About this exercise — Restate each record exactly as it was written.
===== Exercise data =====
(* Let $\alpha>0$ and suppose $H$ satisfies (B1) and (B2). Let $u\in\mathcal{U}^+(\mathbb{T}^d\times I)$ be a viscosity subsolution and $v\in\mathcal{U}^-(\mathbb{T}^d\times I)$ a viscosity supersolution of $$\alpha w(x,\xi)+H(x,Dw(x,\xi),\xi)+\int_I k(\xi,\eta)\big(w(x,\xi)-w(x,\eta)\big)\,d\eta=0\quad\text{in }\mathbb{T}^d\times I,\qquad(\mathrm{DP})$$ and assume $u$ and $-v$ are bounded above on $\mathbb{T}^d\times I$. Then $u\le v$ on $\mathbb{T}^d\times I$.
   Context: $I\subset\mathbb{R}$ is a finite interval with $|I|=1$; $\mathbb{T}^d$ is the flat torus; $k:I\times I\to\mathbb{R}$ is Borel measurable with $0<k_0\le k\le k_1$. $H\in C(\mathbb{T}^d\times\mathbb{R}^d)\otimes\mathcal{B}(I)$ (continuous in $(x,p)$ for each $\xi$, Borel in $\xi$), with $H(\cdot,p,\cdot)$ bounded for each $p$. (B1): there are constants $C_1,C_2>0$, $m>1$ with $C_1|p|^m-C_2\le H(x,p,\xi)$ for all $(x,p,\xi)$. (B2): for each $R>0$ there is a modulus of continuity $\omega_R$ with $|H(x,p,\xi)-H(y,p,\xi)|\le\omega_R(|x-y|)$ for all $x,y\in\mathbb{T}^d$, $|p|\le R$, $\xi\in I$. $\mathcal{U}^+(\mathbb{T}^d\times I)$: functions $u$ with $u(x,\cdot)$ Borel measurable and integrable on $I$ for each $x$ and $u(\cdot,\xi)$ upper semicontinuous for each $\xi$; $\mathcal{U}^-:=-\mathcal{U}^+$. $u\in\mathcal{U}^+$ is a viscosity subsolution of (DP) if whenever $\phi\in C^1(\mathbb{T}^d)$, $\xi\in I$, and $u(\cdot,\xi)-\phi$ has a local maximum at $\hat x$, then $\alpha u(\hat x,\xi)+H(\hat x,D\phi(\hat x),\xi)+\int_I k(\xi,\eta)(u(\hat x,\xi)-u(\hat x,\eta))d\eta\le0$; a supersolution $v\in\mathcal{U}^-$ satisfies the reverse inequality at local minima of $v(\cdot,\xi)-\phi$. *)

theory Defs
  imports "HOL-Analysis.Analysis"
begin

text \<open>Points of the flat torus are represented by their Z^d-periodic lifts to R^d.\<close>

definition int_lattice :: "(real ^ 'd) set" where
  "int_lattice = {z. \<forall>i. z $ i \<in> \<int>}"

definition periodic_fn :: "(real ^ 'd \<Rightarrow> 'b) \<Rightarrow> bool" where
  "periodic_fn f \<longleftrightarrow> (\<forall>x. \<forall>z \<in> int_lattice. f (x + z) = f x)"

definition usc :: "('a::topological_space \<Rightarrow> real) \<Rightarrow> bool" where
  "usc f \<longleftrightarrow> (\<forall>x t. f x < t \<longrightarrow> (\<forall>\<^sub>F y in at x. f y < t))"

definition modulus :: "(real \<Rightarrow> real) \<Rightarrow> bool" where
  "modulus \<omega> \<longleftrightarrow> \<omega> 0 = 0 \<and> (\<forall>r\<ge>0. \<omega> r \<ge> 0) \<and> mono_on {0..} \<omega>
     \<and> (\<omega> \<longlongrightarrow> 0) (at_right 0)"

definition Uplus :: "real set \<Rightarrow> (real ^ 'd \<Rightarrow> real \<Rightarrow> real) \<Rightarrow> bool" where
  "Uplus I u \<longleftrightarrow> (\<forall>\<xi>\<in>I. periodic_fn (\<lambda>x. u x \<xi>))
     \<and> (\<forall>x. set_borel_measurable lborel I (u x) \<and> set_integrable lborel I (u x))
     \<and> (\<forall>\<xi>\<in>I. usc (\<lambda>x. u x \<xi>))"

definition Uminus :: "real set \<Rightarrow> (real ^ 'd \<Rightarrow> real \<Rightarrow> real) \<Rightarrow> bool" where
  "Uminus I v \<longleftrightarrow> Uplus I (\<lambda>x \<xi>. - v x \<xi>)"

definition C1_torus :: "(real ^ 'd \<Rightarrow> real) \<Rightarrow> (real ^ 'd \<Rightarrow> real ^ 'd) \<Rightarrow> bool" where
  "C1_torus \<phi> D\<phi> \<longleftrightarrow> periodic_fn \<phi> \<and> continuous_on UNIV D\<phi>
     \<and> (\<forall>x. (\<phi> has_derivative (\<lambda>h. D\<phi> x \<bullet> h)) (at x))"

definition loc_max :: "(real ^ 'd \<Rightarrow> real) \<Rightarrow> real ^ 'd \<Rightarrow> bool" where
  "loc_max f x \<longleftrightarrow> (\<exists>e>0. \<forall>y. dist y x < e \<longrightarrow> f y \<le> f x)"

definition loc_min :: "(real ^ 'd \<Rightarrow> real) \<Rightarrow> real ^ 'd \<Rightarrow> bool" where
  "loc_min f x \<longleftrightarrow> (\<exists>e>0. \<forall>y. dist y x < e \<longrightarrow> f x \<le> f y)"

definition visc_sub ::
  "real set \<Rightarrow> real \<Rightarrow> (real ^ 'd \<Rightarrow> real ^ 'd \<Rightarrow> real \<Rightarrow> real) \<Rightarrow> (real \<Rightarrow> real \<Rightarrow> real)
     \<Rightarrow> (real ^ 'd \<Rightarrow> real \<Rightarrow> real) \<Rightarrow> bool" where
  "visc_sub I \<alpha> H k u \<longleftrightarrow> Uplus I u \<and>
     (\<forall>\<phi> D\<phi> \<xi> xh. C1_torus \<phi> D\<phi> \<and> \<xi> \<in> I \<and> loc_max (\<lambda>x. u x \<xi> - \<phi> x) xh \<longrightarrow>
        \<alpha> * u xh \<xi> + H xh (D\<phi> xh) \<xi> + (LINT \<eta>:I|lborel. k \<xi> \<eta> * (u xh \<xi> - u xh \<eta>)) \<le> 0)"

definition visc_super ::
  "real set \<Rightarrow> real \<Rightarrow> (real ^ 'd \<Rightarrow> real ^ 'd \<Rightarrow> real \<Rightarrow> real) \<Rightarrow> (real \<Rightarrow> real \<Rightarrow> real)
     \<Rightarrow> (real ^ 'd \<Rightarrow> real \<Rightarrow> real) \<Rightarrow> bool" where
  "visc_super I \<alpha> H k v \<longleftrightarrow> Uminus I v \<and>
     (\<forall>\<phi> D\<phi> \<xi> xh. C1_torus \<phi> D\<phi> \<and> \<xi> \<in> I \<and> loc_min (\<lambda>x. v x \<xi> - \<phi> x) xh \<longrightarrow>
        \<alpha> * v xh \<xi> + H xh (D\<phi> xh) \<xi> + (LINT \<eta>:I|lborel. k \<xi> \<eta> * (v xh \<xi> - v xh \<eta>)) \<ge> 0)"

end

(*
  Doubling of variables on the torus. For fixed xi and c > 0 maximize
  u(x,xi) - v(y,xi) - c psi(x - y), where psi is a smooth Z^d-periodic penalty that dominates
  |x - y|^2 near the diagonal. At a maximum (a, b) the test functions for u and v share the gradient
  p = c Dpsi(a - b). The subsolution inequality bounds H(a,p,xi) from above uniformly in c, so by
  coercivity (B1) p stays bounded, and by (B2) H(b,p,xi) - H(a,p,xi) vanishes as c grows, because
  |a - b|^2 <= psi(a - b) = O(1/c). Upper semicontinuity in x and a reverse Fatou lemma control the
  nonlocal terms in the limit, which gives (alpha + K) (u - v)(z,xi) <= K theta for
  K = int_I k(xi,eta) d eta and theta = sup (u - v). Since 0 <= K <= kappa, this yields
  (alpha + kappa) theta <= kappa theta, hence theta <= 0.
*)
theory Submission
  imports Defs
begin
=====
Answer to this exercise —
(* Let $\alpha>0$ and suppose $H$ satisfies (B1) and (B2). Let $u\in\mathcal{U}^+(\mathbb{T}^d\times I)$ be a viscosity subsolution and $v\in\mathcal{U}^-(\mathbb{T}^d\times I)$ a viscosity supersolution of $$\alpha w(x,\xi)+H(x,Dw(x,\xi),\xi)+\int_I k(\xi,\eta)\big(w(x,\xi)-w(x,\eta)\big)\,d\eta=0\quad\text{in }\mathbb{T}^d\times I,\qquad(\mathrm{DP})$$ and assume $u$ and $-v$ are bounded above on $\mathbb{T}^d\times I$. Then $u\le v$ on $\mathbb{T}^d\times I$.
   Context: $I\subset\mathbb{R}$ is a finite interval with $|I|=1$; $\mathbb{T}^d$ is the flat torus; $k:I\times I\to\mathbb{R}$ is Borel measurable with $0<k_0\le k\le k_1$. $H\in C(\mathbb{T}^d\times\mathbb{R}^d)\otimes\mathcal{B}(I)$ (continuous in $(x,p)$ for each $\xi$, Borel in $\xi$), with $H(\cdot,p,\cdot)$ bounded for each $p$. (B1): there are constants $C_1,C_2>0$, $m>1$ with $C_1|p|^m-C_2\le H(x,p,\xi)$ for all $(x,p,\xi)$. (B2): for each $R>0$ there is a modulus of continuity $\omega_R$ with $|H(x,p,\xi)-H(y,p,\xi)|\le\omega_R(|x-y|)$ for all $x,y\in\mathbb{T}^d$, $|p|\le R$, $\xi\in I$. $\mathcal{U}^+(\mathbb{T}^d\times I)$: functions $u$ with $u(x,\cdot)$ Borel measurable and integrable on $I$ for each $x$ and $u(\cdot,\xi)$ upper semicontinuous for each $\xi$; $\mathcal{U}^-:=-\mathcal{U}^+$. $u\in\mathcal{U}^+$ is a viscosity subsolution of (DP) if whenever $\phi\in C^1(\mathbb{T}^d)$, $\xi\in I$, and $u(\cdot,\xi)-\phi$ has a local maximum at $\hat x$, then $\alpha u(\hat x,\xi)+H(\hat x,D\phi(\hat x),\xi)+\int_I k(\xi,\eta)(u(\hat x,\xi)-u(\hat x,\eta))d\eta\le0$; a supersolution $v\in\mathcal{U}^-$ satisfies the reverse inequality at local minima of $v(\cdot,\xi)-\phi$. *)

theory Defs
  imports "HOL-Analysis.Analysis"
begin

text \<open>Points of the flat torus are represented by their Z^d-periodic lifts to R^d.\<close>

definition int_lattice :: "(real ^ 'd) set" where
  "int_lattice = {z. \<forall>i. z $ i \<in> \<int>}"

definition periodic_fn :: "(real ^ 'd \<Rightarrow> 'b) \<Rightarrow> bool" where
  "periodic_fn f \<longleftrightarrow> (\<forall>x. \<forall>z \<in> int_lattice. f (x + z) = f x)"

definition usc :: "('a::topological_space \<Rightarrow> real) \<Rightarrow> bool" where
  "usc f \<longleftrightarrow> (\<forall>x t. f x < t \<longrightarrow> (\<forall>\<^sub>F y in at x. f y < t))"

definition modulus :: "(real \<Rightarrow> real) \<Rightarrow> bool" where
  "modulus \<omega> \<longleftrightarrow> \<omega> 0 = 0 \<and> (\<forall>r\<ge>0. \<omega> r \<ge> 0) \<and> mono_on {0..} \<omega>
     \<and> (\<omega> \<longlongrightarrow> 0) (at_right 0)"

definition Uplus :: "real set \<Rightarrow> (real ^ 'd \<Rightarrow> real \<Rightarrow> real) \<Rightarrow> bool" where
  "Uplus I u \<longleftrightarrow> (\<forall>\<xi>\<in>I. periodic_fn (\<lambda>x. u x \<xi>))
     \<and> (\<forall>x. set_borel_measurable lborel I (u x) \<and> set_integrable lborel I (u x))
     \<and> (\<forall>\<xi>\<in>I. usc (\<lambda>x. u x \<xi>))"

definition Uminus :: "real set \<Rightarrow> (real ^ 'd \<Rightarrow> real \<Rightarrow> real) \<Rightarrow> bool" where
  "Uminus I v \<longleftrightarrow> Uplus I (\<lambda>x \<xi>. - v x \<xi>)"

definition C1_torus :: "(real ^ 'd \<Rightarrow> real) \<Rightarrow> (real ^ 'd \<Rightarrow> real ^ 'd) \<Rightarrow> bool" where
  "C1_torus \<phi> D\<phi> \<longleftrightarrow> periodic_fn \<phi> \<and> continuous_on UNIV D\<phi>
     \<and> (\<forall>x. (\<phi> has_derivative (\<lambda>h. D\<phi> x \<bullet> h)) (at x))"

definition loc_max :: "(real ^ 'd \<Rightarrow> real) \<Rightarrow> real ^ 'd \<Rightarrow> bool" where
  "loc_max f x \<longleftrightarrow> (\<exists>e>0. \<forall>y. dist y x < e \<longrightarrow> f y \<le> f x)"

definition loc_min :: "(real ^ 'd \<Rightarrow> real) \<Rightarrow> real ^ 'd \<Rightarrow> bool" where
  "loc_min f x \<longleftrightarrow> (\<exists>e>0. \<forall>y. dist y x < e \<longrightarrow> f x \<le> f y)"

definition visc_sub ::
  "real set \<Rightarrow> real \<Rightarrow> (real ^ 'd \<Rightarrow> real ^ 'd \<Rightarrow> real \<Rightarrow> real) \<Rightarrow> (real \<Rightarrow> real \<Rightarrow> real)
     \<Rightarrow> (real ^ 'd \<Rightarrow> real \<Rightarrow> real) \<Rightarrow> bool" where
  "visc_sub I \<alpha> H k u \<longleftrightarrow> Uplus I u \<and>
     (\<forall>\<phi> D\<phi> \<xi> xh. C1_torus \<phi> D\<phi> \<and> \<xi> \<in> I \<and> loc_max (\<lambda>x. u x \<xi> - \<phi> x) xh \<longrightarrow>
        \<alpha> * u xh \<xi> + H xh (D\<phi> xh) \<xi> + (LINT \<eta>:I|lborel. k \<xi> \<eta> * (u xh \<xi> - u xh \<eta>)) \<le> 0)"

definition visc_super ::
  "real set \<Rightarrow> real \<Rightarrow> (real ^ 'd \<Rightarrow> real ^ 'd \<Rightarrow> real \<Rightarrow> real) \<Rightarrow> (real \<Rightarrow> real \<Rightarrow> real)
     \<Rightarrow> (real ^ 'd \<Rightarrow> real \<Rightarrow> real) \<Rightarrow> bool" where
  "visc_super I \<alpha> H k v \<longleftrightarrow> Uminus I v \<and>
     (\<forall>\<phi> D\<phi> \<xi> xh. C1_torus \<phi> D\<phi> \<and> \<xi> \<in> I \<and> loc_min (\<lambda>x. v x \<xi> - \<phi> x) xh \<longrightarrow>
        \<alpha> * v xh \<xi> + H xh (D\<phi> xh) \<xi> + (LINT \<eta>:I|lborel. k \<xi> \<eta> * (v xh \<xi> - v xh \<eta>)) \<ge> 0)"

end

(*
  Doubling of variables on the torus. For fixed xi and c > 0 maximize
  u(x,xi) - v(y,xi) - c psi(x - y), where psi is a smooth Z^d-periodic penalty that dominates
  |x - y|^2 near the diagonal. At a maximum (a, b) the test functions for u and v share the gradient
  p = c Dpsi(a - b). The subsolution inequality bounds H(a,p,xi) from above uniformly in c, so by
  coercivity (B1) p stays bounded, and by (B2) H(b,p,xi) - H(a,p,xi) vanishes as c grows, because
  |a - b|^2 <= psi(a - b) = O(1/c). Upper semicontinuity in x and a reverse Fatou lemma control the
  nonlocal terms in the limit, which gives (alpha + K) (u - v)(z,xi) <= K theta for
  K = int_I k(xi,eta) d eta and theta = sup (u - v). Since 0 <= K <= kappa, this yields
  (alpha + kappa) theta <= kappa theta, hence theta <= 0.
*)
theory Submission
  imports Defs
begin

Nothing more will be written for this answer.